[Stored items]
::::
lemma square_switches_insert:
  assumes "(square_switch E)\<^sup>*\<^sup>* M M'" "\<forall>x\<in>M. x \<inter> e = {}" "e \<noteq> {}"
  shows "(square_switch E)\<^sup>*\<^sup>* (insert e M) (insert e M')"
proof -
  have "(square_switch E)\<^sup>*\<^sup>* (insert e M) (insert e M') \<and> (\<forall>x\<in>M'. x \<inter> e = {})"
    using assms(1)
  proof (induction rule: rtranclp_induct)
    case base
    then show ?case using assms(2) by simp
  next
    case (step M1 M2)
    then show ?case
      using square_switch_insert[OF step.hyps(2) _ assms(3)] by (meson rtranclp.rtrancl_into_rtrancl)
  qed
  then show ?thesis ..
qed

locale card2_edges =
  fixes E :: "'a set set"
  assumes card_edge: "x \<in> E \<Longrightarrow> card x = 2"
begin

lemma perfect_matching_onD:
  assumes "perfect_matching_on W E M"
  shows "M \<subseteq> E" "x \<in> M \<Longrightarrow> x \<subseteq> W" "v \<in> W \<Longrightarrow> \<exists>!x. x \<in> M \<and> v \<in> x"
  using assms unfolding perfect_matching_on_def perfect_matching_def by blast+

lemma matching_edgeE:
  assumes "perfect_matching_on W E M" "x \<in> M"
  obtains a b where "a \<noteq> b" "x = {a, b}"
  using assms card_edge perfect_matching_onD(1) by (metis card_2_iff subsetD)

lemma matching_edge_unique:
  assumes "perfect_matching_on W E M" "x \<in> M" "y \<in> M" "v \<in> x" "v \<in> y"
  shows "x = y"
  using assms perfect_matching_onD(2,3) by blast

lemma mate_eq:
  assumes M: "perfect_matching_on W E M" and "{v, y} \<in> M"
  shows "mate M v = y"
  unfolding mate_def
proof (rule the_equality)
  fix z assume z: "{v, z} \<in> M"
  obtain a b where "a \<noteq> b" "{v, z} = {a, b}" using matching_edgeE[OF M z] .
  then have "z \<noteq> v" by auto
  moreover have "{v, z} = {v, y}" using matching_edge_unique[OF M z assms(2)] by blast
  ultimately show "z = y" by (auto simp: doubleton_eq_iff)
qed (use assms in simp)

lemma mate_unique:
  assumes M: "perfect_matching_on W E M" and "{v, y} \<in> M" "{v, z} \<in> M"
  shows "y = z"
  using mate_eq[OF M assms(2)] mate_eq[OF M assms(3)] by simp

lemma matching_edge_neq:
  assumes "perfect_matching_on W E M" "{a, b} \<in> M"
  shows "a \<noteq> b"
  using assms card_edge[of "{a, b}"] perfect_matching_onD(1) by fastforce

lemma mate_edge:
  assumes M: "perfect_matching_on W E M" and "v \<in> W"
  shows "{v, mate M v} \<in> M"
proof -
  obtain x where x: "x \<in> M" "v \<in> x" using perfect_matching_onD(3)[OF M assms(2)] by blast
  obtain a b where "x = {a, b}" using matching_edgeE[OF M x(1)] by blast
  then have "{v, if v = a then b else a} \<in> M" using x by (auto simp: insert_commute)
  then show ?thesis using mate_eq[OF M] by simp
qed

lemma mate_properties:
  assumes M: "perfect_matching_on W E M" and "v \<in> W"
  shows "mate M v \<noteq> v" "mate M v \<in> W" "mate M (mate M v) = v"
proof -
  have edge: "{v, mate M v} \<in> M" using mate_edge[OF assms] .
  show "mate M v \<noteq> v" using matching_edge_neq[OF M edge] by simp
  show "mate M v \<in> W" using perfect_matching_onD(2)[OF M edge] by simp
  show "mate M (mate M v) = v" using mate_eq[OF M, of "mate M v" v] edge by (simp add: insert_commute)
qed

lemma matching_edges_distinct:
  assumes M: "perfect_matching_on W E M" and "{a, b} \<in> M" "{c, d} \<in> M" "a \<notin> {c, d}"
  shows "distinct [a, b, c, d]"
proof -
  have "a \<noteq> b" "c \<noteq> d" using matching_edge_neq[OF M] assms(2,3) by blast+
  moreover have "b \<notin> {c, d}"
  proof
    assume "b \<in> {c, d}"
    then have "{a, b} = {c, d}" using matching_edge_unique[OF M assms(2,3)] by blast
    then show False using assms(4) by auto
  qed
  ultimately show ?thesis using assms(4) by auto
qed

lemma perfect_matching_on_square_switch:
  assumes M: "perfect_matching_on W E M" and switch: "square_switch E M M'"
  shows "perfect_matching_on W E M'"
proof -
  obtain a b c d where abcd: "distinct [a, b, c, d]" "{a, b} \<in> M" "{c, d} \<in> M"
      "{a, c} \<in> E" "{b, d} \<in> E"
    and M': "M' = M - {{a, b}, {c, d}} \<union> {{a, c}, {b, d}}"
    using switch unfolding square_switch_def by blast
  have in_W: "a \<in> W" "b \<in> W" "c \<in> W" "d \<in> W"
    using perfect_matching_onD(2)[OF M] abcd(2,3) by auto
  have covers: "\<exists>!x. x \<in> M' \<and> v \<in> x" if "v \<in> W" for v
  proof (cases "v \<in> {a, b, c, d}")
    case True
    have "x \<in> {{a, b}, {c, d}}" if "x \<in> M" "v \<in> x" for x
      using True that matching_edge_unique[OF M _ abcd(2)] matching_edge_unique[OF M _ abcd(3)] by blast
    then have new: "x \<in> {{a, c}, {b, d}}" if "x \<in> M'" "v \<in> x" for x
      using that M' by blast
    show ?thesis
    proof (rule ex_ex1I)
      show "\<exists>x. x \<in> M' \<and> v \<in> x" using True M' by auto
    next
      fix x y assume "x \<in> M' \<and> v \<in> x" "y \<in> M' \<and> v \<in> y"
      then show "x = y" using new[of x] new[of y] abcd(1) by auto
    qed
  next
    case False
    obtain x where x: "x \<in> M" "v \<in> x" using perfect_matching_onD(3)[OF M \<open>v \<in> W\<close>] by blast
    have "y = x" if "y \<in> M'" "v \<in> y" for y
    proof -
      have "y \<in> M" using that M' False by auto
      then show ?thesis using matching_edge_unique[OF M _ x(1) that(2) x(2)] by simp
    qed
    moreover have "x \<in> M'" using x False M' by auto
    ultimately show ?thesis using x by blast
  qed
  have "M' \<subseteq> E" using perfect_matching_onD(1)[OF M] abcd(4,5) M' by blast
  moreover have "\<forall>x\<in>M'. x \<subseteq> W" using perfect_matching_onD(2)[OF M] in_W M' by blast
  ultimately show ?thesis
    using covers unfolding perfect_matching_on_def perfect_matching_def by blast
qed
lemma bij_betw_mat_ker_border:
  fixes Y :: "nat \<Rightarrow> nat \<Rightarrow> 'a::comm_ring"
  assumes u: "u \<in> vectors m"
  shows "bij_betw (\<lambda>w. (w m, \<lambda>i. if i < m then w i else 0)) (mat_ker (Suc m) (border m Y u))
     (SIGMA c:UNIV. {z \<in> vectors m. mat_vec m Y z = (\<lambda>i. - (c * u i))})"
proof (rule bij_betw_byWitness[where f' = "\<lambda>(c, z). z(m := c)"], goal_cases)
  case 1
  show ?case
    by (auto simp: mem_mat_ker_border_iff[OF u] vectors_def fun_eq_iff)
next
  case 2
  show ?case
    by (auto simp: vectors_def fun_eq_iff)
next
  case 3
  have "mat_vec m Y (\<lambda>i. if i < m then w i else 0) = mat_vec m Y w" for w
    by (rule mat_vec_cong) simp
  then show ?case
    by (auto simp: mem_mat_ker_border_iff[OF u] vectors_def)
next
  case 4
  have "mat_vec m Y (z(m := c)) = mat_vec m Y z" for z c
    by (rule mat_vec_cong) simp
  then show ?case
    by (auto simp: mem_mat_ker_border_iff[OF u] vectors_def)
qed

lemma card_mat_ker_border:
  fixes Y :: "nat \<Rightarrow> nat \<Rightarrow> 'a::{finite,comm_ring}"
  assumes "u \<in> vectors m"
  shows "card (mat_ker (Suc m) (border m Y u))
    = (\<Sum>c\<in>UNIV. card {z \<in> vectors m. mat_vec m Y z = (\<lambda>i. - (c * u i))})"
  using bij_betw_same_card[OF bij_betw_mat_ker_border[OF assms]]
  by (simp add: card_SigmaI finite_vectors)

lemma card_mat_ker_border_in_range:
  fixes Y :: "nat \<Rightarrow> nat \<Rightarrow> 'a::{finite,comm_ring}"
  assumes "u \<in> mat_range m Y"
  shows "card (mat_ker (Suc m) (border m Y u)) = card (UNIV :: 'a set) * card (mat_ker m Y)"
proof -
  obtain u0 where u0: "u0 \<in> vectors m" "u = mat_vec m Y u0"
    using assms unfolding mat_range_def by blast
  have "(\<lambda>i. - (c * u i)) = mat_vec m Y (\<lambda>i. - c * u0 i)" for c
    using mat_vec_scale[of m Y "- c" u0] u0(2) by simp
  then have "(\<lambda>i. - (c * u i)) \<in> mat_range m Y" for c
    using u0(1) unfolding mat_range_def vectors_def by auto
  moreover have "u \<in> vectors m"
    using u0(2) mat_vec_in_vectors by simp
  ultimately show ?thesis
    by (simp add: card_mat_ker_border card_mat_vec_fibre)
qed

lemma card_mat_ker_border_notin_range:
  fixes Y :: "nat \<Rightarrow> nat \<Rightarrow> 'a::{finite,field}"
  assumes u: "u \<in> vectors m" "u \<notin> mat_range m Y"
  shows "card (mat_ker (Suc m) (border m Y u)) = card (mat_ker m Y)"
proof -
  have empty: "{z \<in> vectors m. mat_vec m Y z = (\<lambda>i. - (c * u i))} = {}" if "c \<noteq> 0" for c
  proof -
    have "mat_vec m Y (\<lambda>i. - inverse c * z i) = u" if "mat_vec m Y z = (\<lambda>i. - (c * u i))" for z
      using mat_vec_scale[of m Y "- inverse c" z] that \<open>c \<noteq> 0\<close> by (simp add: fun_eq_iff)
    then show ?thesis
      using u unfolding mat_range_def vectors_def by force
  qed
  have "card (mat_ker (Suc m) (border m Y u))
      = (\<Sum>c\<in>{0}. card {z \<in> vectors m. mat_vec m Y z = (\<lambda>i. - (c * u i))})"
    unfolding card_mat_ker_border[OF u(1)] by (rule sum.mono_neutral_right) (auto simp: empty)
  then show ?thesis
    by (simp add: mat_ker_def)
qed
::::
- **TASK BRIEF**
Reproduce each line of the records in which "ultimately" appears.

- **SOLUTION TO THIS TASK**
  ultimately show "z = y" by (auto simp: doubleton_eq_iff)
  ultimately show ?thesis using assms(4) by auto
    ultimately show ?thesis using x by blast
  ultimately show ?thesis
  ultimately show ?thesis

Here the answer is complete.